Spicy and smooth…
Carrot-based hot sauces are surprisingly delicious. They smooth the the typical hot sauce tang and provide a little earthiness to the sauce to boot. Our favorite combo of the bunch is certainly a carrot habanero sauce. It delivers significant spice and the habanero pepper fruitiness melds quite well with those mellow earthy flavors and the light lime tang.
This recipe is already very spicy, but if you want an even hotter kick, you can add a little more habanero pepper. Or try leaving the pepper’s membrane and seeds in the sauce. Much of the heat comes from the membrane (which os often removed during the deseeding process). Either way, take caution when working with habaneros. Use kitchen gloves and learn how to remedy chili burn if it does hit.
If you like your dippers on the extra spicy side, we have a lot of options for you in our spicy recipe index beyond our carrot habanero sauce. For something with a little more culinary bite (and we aren’t talking spiciness here), check out this garlic habanero hot sauce. Or if you like things on the sweeter side, we have two different hab-based sauces that will make your day – one featuring apples and the other paired with honey.

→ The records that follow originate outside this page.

text \<open>The principal logarithm, except that on its cut \<open>\<real>\<^sub>\<le>\<^sub>0\<close> the imaginary part \<open>\<pi>\<close> is
  dropped.  Then \<open>z - Ln_cut (exp z)\<close> is \<open>2k\<pi>i\<close> on \<open>strip k\<close> and \<open>(2k+1)\<pi>i\<close> on \<open>strip_edge k\<close>.\<close>

definition Ln_cut :: "complex \<Rightarrow> complex" where
  "Ln_cut w = (if w \<in> \<real>\<^sub>\<le>\<^sub>0 then complex_of_real (ln (cmod w)) else Ln w)"

lemma strip_borel: "strip k \<in> sets borel"
  unfolding strip_def by measurable

lemma strip_edge_borel: "strip_edge k \<in> sets borel"
  unfolding strip_edge_def by measurable

lemma Ln_cut_borel: "Ln_cut \<in> borel_measurable borel"
proof -
  have eq: "Ln_cut = (\<lambda>w. (if w \<in> \<real>\<^sub>\<le>\<^sub>0 then complex_of_real (ln (cmod w)) else 0) + (if w \<in> \<real>\<^sub>\<le>\<^sub>0 then 0 else Ln w))"
    by (rule ext) (simp add: Ln_cut_def)
  have "(\<lambda>w. if w \<in> \<real>\<^sub>\<le>\<^sub>0 then 0 else Ln w) \<in> borel_measurable borel"
    by (rule borel_measurable_continuous_on_if) (auto intro!: continuous_on_Ln continuous_intros)
  moreover have "(\<lambda>w::complex. if w \<in> \<real>\<^sub>\<le>\<^sub>0 then complex_of_real (ln (cmod w)) else 0) \<in> borel_measurable borel"
    by (rule measurable_If_set) auto
  ultimately show ?thesis unfolding eq by measurable
qed

lemma Ln_cut_exp_strip:
  assumes "z \<in> strip k"
  shows "Ln_cut (exp z) = z - complex_of_real (2 * of_int k * pi) * \<i>"
proof -
  define w where "w = z - complex_of_real (2 * of_int k * pi) * \<i>"
  have w: "- pi < Im w" "Im w < pi" using assms by (simp_all add: w_def strip_def algebra_simps)
  have "z = w + \<i> * (of_int k * (of_real pi * 2))" by (simp add: w_def complex_eq_iff)
  then have ez: "exp z = exp w" by simp
  have "exp w \<notin> \<real>\<^sub>\<le>\<^sub>0"
  proof
    assume "exp w \<in> \<real>\<^sub>\<le>\<^sub>0"
    then have "sin (Im w) = 0" "cos (Im w) \<le> 0"
      by (auto simp: complex_nonpos_Reals_iff Im_exp Re_exp mult_le_0_iff)
    then show False using sin_eq_0_pi w by fastforce
  qed
  then have "Ln_cut (exp z) = Ln (exp w)" by (simp add: Ln_cut_def ez)
  also have "\<dots> = w" using w by simp
  finally show ?thesis by (simp add: w_def)
qed

lemma Ln_cut_exp_strip_edge:
  assumes "z \<in> strip_edge k"
  shows "Ln_cut (exp z) = z - complex_of_real ((2 * of_int k + 1) * pi) * \<i>"
proof -
  have "Im z = pi * of_int (2 * k + 1)" using assms by (simp add: strip_edge_def mult.commute)
  then have "cos (Im z) = - 1" "sin (Im z) = 0" by (simp_all only: cos_npi_int sin_npi_int) simp
  then have "exp z \<in> \<real>\<^sub>\<le>\<^sub>0" by (simp add: complex_nonpos_Reals_iff Re_exp Im_exp)
  then show ?thesis using assms by (simp add: Ln_cut_def complex_eq_iff strip_edge_def)
qed

lemma floor_strip: "z \<in> strip k \<Longrightarrow> \<lfloor>(Im z / pi + 1) / 2\<rfloor> = k"
  unfolding strip_def floor_eq_iff by (auto simp: field_simps)

lemma strip_unique: "z \<in> strip i \<Longrightarrow> z \<in> strip j \<Longrightarrow> i = j"
  using floor_strip by metis

lemma strip_edge_unique:
  "z \<in> strip_edge i \<Longrightarrow> z \<in> strip_edge j \<Longrightarrow> i = j"
  by (simp add: strip_edge_def)

lemma strip_edge_not_in_strip:
  assumes "z \<in> strip_edge j" shows "z \<notin> strip i"
proof
  assume "z \<in> strip i"
  moreover have "(Im z / pi + 1) / 2 = of_int (j + 1)" using assms by (simp add: strip_edge_def field_simps)
  then have "\<lfloor>(Im z / pi + 1) / 2\<rfloor> = j + 1" by (metis floor_of_int)
  ultimately show False using assms floor_strip by (fastforce simp: strip_def strip_edge_def)
qed

lemma strip_or_strip_edge:
  assumes "(2 * of_int k0 + 1) * pi \<le> Im z" "Im z \<le> (2 * of_int k1 + 1) * pi"
  obtains k where "k \<in> {k0..k1}" "z \<in> strip k" | k where "k \<in> {k0..k1}" "z \<in> strip_edge k"
proof -
  define t where "t = Im z / pi"
  define j where "j = \<lfloor>(t + 1) / 2\<rfloor>"
  have t: "2 * of_int k0 + 1 \<le> t" "t \<le> 2 * of_int k1 + 1" "Im z = t * pi"
    using assms by (simp_all add: t_def field_simps)
  have "of_int j \<le> (t + 1) / 2" "(t + 1) / 2 < of_int j + 1"
    unfolding j_def by (rule of_int_floor_le, rule real_of_int_floor_add_one_gt)
  then have j: "2 * of_int j - 1 \<le> t" "t < 2 * of_int j + 1" by (simp_all add: field_simps)
  show ?thesis
  proof (cases "t = 2 * of_int j - 1")
    case True
    then have "real_of_int k0 \<le> of_int (j - 1)" "real_of_int (j - 1) \<le> of_int k1" using t by auto
    then have "j - 1 \<in> {k0..k1}" by (simp only: of_int_le_iff atLeastAtMost_iff)
    moreover have "Im z = (2 * of_int j - 1) * pi" using True t(3) by simp
    then have "z \<in> strip_edge (j - 1)" by (simp add: strip_edge_def algebra_simps)
    ultimately show ?thesis by (rule that(2))
  next
    case False
    then have "real_of_int k0 < of_int j" "real_of_int j < of_int (k1 + 1)" using t j by auto
    then have "j \<in> {k0..k1}" by (simp only: of_int_less_iff) auto
    moreover have "z \<in> strip j" using False t j by (simp add: strip_def)
    ultimately show ?thesis by (rule that(1))
  qed
qed

lemma Ln_cut_exp_eq_diff_strip_shift:
  assumes "(2 * of_int k0 + 1) * pi \<le> Im z" "Im z \<le> (2 * of_int k1 + 1) * pi"
  shows "Ln_cut (exp z) = z - strip_shift k0 k1 z"
  using assms
proof (cases rule: strip_or_strip_edge)
  case (1 j)
  have "strip_shift k0 k1 z = (\<Sum>k\<in>{k0..k1}. if k = j then complex_of_real (2 * of_int j * pi) * \<i> else 0)"
    unfolding strip_shift_def using 1 strip_unique strip_edge_not_in_strip
    by (intro sum.cong) (auto simp: indicator_def)
  then show ?thesis using 1 by (simp add: Ln_cut_exp_strip)
next
  case (2 j)
  have "strip_shift k0 k1 z = (\<Sum>k\<in>{k0..k1}. if k = j then complex_of_real ((2 * of_int j + 1) * pi) * \<i> else 0)"
    unfolding strip_shift_def using 2 strip_edge_unique strip_edge_not_in_strip
    by (intro sum.cong) (auto simp: indicator_def)
  then show ?thesis using 2 by (simp add: Ln_cut_exp_strip_edge)
qed

lemma sum_scaleC_diff:
  "(\<Sum>k\<in>K. a k *\<^sub>C (x k - y k) + b k *\<^sub>C (u k - w k))
     = (\<Sum>k\<in>K. a k *\<^sub>C x k + b k *\<^sub>C u k) - (\<Sum>k\<in>K. a k *\<^sub>C y k + b k *\<^sub>C (w k :: 'a::complex_vector))"
  by (simp add: scaleC_diff_right algebra_simps flip: sum_subtractf)

section \<open>Spectral projections onto strips\<close>

context spectral_decomposition
begin

definition strip_op :: "int \<Rightarrow> int \<Rightarrow> 'h \<Rightarrow> 'h" where
  "strip_op k0 k1 v = (\<Sum>k\<in>{k0..k1}. (complex_of_real (2 * of_int k * pi) * \<i>) *\<^sub>C E (strip k) v
     + (complex_of_real ((2 * of_int k + 1) * pi) * \<i>) *\<^sub>C E (strip_edge k) v)"

definition exp_distr :: "'h \<Rightarrow> complex measure" where
  "exp_distr v = distr (mu v) borel exp"

lemma strip_op_clinear: "is_clinear (strip_op k0 k1)"
  unfolding strip_op_def[abs_def]
  by (intro clinear_compose_sum clinear_compose_add clinear_compose_scaleC E_clinear strip_borel strip_edge_borel)

lemma cinner_strip_op: "cinner v (strip_op k0 k1 v) = integral\<^sup>L (mu v) (strip_shift k0 k1)"
proof -
  define c d where "c k = complex_of_real (2 * of_int k * pi) * \<i>"
    and "d k = complex_of_real ((2 * of_int k + 1) * pi) * \<i>" for k :: int
  have int: "integrable (mu v) (\<lambda>z. c k * indicator (strip k) z + d k * indicator (strip_edge k) z)" for k
    by (intro Bochner_Integration.integrable_add integrable_indicator_mu strip_borel strip_edge_borel)
  have "cinner v (strip_op k0 k1 v)
      = (\<Sum>k\<in>{k0..k1}. c k * (norm (E (strip k) v))\<^sup>2 + d k * (norm (E (strip_edge k) v))\<^sup>2)"
    by (simp add: strip_op_def c_def d_def cinner_sum_right cinner_add_right cinner_scaleC_right
        cinner_E_self strip_borel strip_edge_borel)
  also have "\<dots> = (\<Sum>k\<in>{k0..k1}. integral\<^sup>L (mu v) (\<lambda>z. c k * indicator (strip k) z + d k * indicator (strip_edge k) z))"
    by (simp only: Bochner_Integration.integral_add[OF integrable_indicator_mu[OF strip_borel]
          integrable_indicator_mu[OF strip_edge_borel]]
        integral_indicator_mu[OF strip_borel] integral_indicator_mu[OF strip_edge_borel])
  also have "\<dots> = integral\<^sup>L (mu v) (strip_shift k0 k1)"
    unfolding strip_shift_def[abs_def] c_def d_def
    by (rule Bochner_Integration.integral_sum[symmetric]) (rule int[unfolded c_def d_def])
  finally show ?thesis .
qed

lemma cinner_diff_strip_op:
  assumes "op_spectrum T \<subseteq> {z. (2 * of_int k0 + 1) * pi \<le> Im z \<and> Im z \<le> (2 * of_int k1 + 1) * pi}"
  shows "cinner v (T v - strip_op k0 k1 v) = integral\<^sup>L (exp_distr v) Ln_cut"
proof -
  have int: "integrable (mu v) (strip_shift k0 k1)"
    unfolding strip_shift_def[abs_def]
    by (intro Bochner_Integration.integrable_sum Bochner_Integration.integrable_add
        integrable_indicator_mu strip_borel strip_edge_borel)
  have "cinner v (T v - strip_op k0 k1 v) = integral\<^sup>L (mu v) (\<lambda>z. z - strip_shift k0 k1 z)"
    using integrable_mu_ident int
    by (simp add: cinner_diff_right cinner_T_integral cinner_strip_op Bochner_Integration.integral_diff)
  also have "\<dots> = integral\<^sup>L (mu v) (\<lambda>z. Ln_cut (exp z))"
  proof (rule integral_cong_AE)
    show "(\<lambda>z. z - strip_shift k0 k1 z) \<in> borel_measurable (mu v)"
      using integrable_mu_ident int by (intro borel_measurable_integrable) auto
    show "(\<lambda>z. Ln_cut (exp z)) \<in> borel_measurable (mu v)"
      by (intro measurable_mu measurable_compose[OF _ Ln_cut_borel] borel_measurable_continuous_onI continuous_intros)
    show "AE z in mu v. z - strip_shift k0 k1 z = Ln_cut (exp z)"
      using AE_mu_spectrum[of v]
      by eventually_elim (use assms Ln_cut_exp_eq_diff_strip_shift in fastforce)
  qed
  also have "\<dots> = integral\<^sup>L (exp_distr v) Ln_cut"
    unfolding exp_distr_def
    by (rule integral_distr[symmetric]) (auto intro: measurable_mu Ln_cut_borel borel_measurable_continuous_onI continuous_intros)
  finally show ?thesis .
qed

lemma compact_support_exp_distr: "compact_support_measure (exp_distr v) (exp op_bound)"
  unfolding compact_support_measure_def
proof (intro conjI)
  have exp_meas: "exp \<in> measurable (mu v) borel"
    by (intro measurable_mu borel_measurable_continuous_onI continuous_intros)
  show "finite_measure (exp_distr v)"
    unfolding exp_distr_def using finite_measure_mu exp_meas by (rule finite_measure.finite_measure_distr)
  show "sets (exp_distr v) = sets borel" by (simp add: exp_distr_def)
  show "AE w in exp_distr v. cmod w \<le> exp op_bound"
    unfolding exp_distr_def
  proof (subst AE_distr_iff[OF exp_meas])
    show "{x \<in> space borel. cmod x \<le> exp op_bound} \<in> sets borel" by measurable
    show "AE z in mu v. cmod (exp z) \<le> exp op_bound"
      using AE_mu_spectrum[of v]
    proof eventually_elim
      case (elim z)
      then have "Re z \<le> op_bound" using spectrum_subset_cball_op_bound abs_Re_le_cmod[of z] by force
      then show ?case by simp
    qed
  qed
qed

lemma integral_exp_distr_moment:
  "integral\<^sup>L (exp_distr v) (\<lambda>w. cnj (w ^ n) * w ^ m) = cinner ((op_exp T ^^ n) v) ((op_exp T ^^ m) v)"
proof -
  have "continuous_on UNIV (\<lambda>w::complex. cnj (w ^ n) * w ^ m)" by (intro continuous_intros)
  then show ?thesis
    unfolding exp_distr_def cinner_funpow_op_exp_integral
    by (intro integral_distr measurable_mu borel_measurable_continuous_onI continuous_intros)
qed

end

lemma spectral_decompositionI:
  "spectral_measure_of T E \<Longrightarrow> is_normal_op T \<Longrightarrow> spectral_decomposition E T"
  by (simp add: spectral_decomposition_def spectral_decomposition_axioms_def is_normal_op_def
      spectral_measure_imp_proj_valued_measure)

- 4 habanero chilies seeds removed, stemmed, and minced
- 3 large carrots chopped
- 2 cloves garlic minced
- 1 onion chopped
- 2 cups water
- 2 tablespoons lime juice
- 2 tablespoons white vinegar
- 1 tablespoon vegetable oil
- Salt to taste
- In a high-walled pan over medium heat, cook the garlic and onion until the garlic is soft and translucent.
- Add the carrots, then slowly pour in the water. Raise the heat to high and bring the mix to a boil. Stir often.
- Once boiling, lower the heat to low. Simmer, uncovered, until the carrots soften. Then remove from the heat.
- Allow the mix to cool for 5 minutes, then add in the habanero, lime juice, vinegar, vegetable oil, and a pinch of salt. Stir to combine.
- Pour the mix into a blender and pulse blend until you reach your desired sauce consistency.
- Serve or bottle.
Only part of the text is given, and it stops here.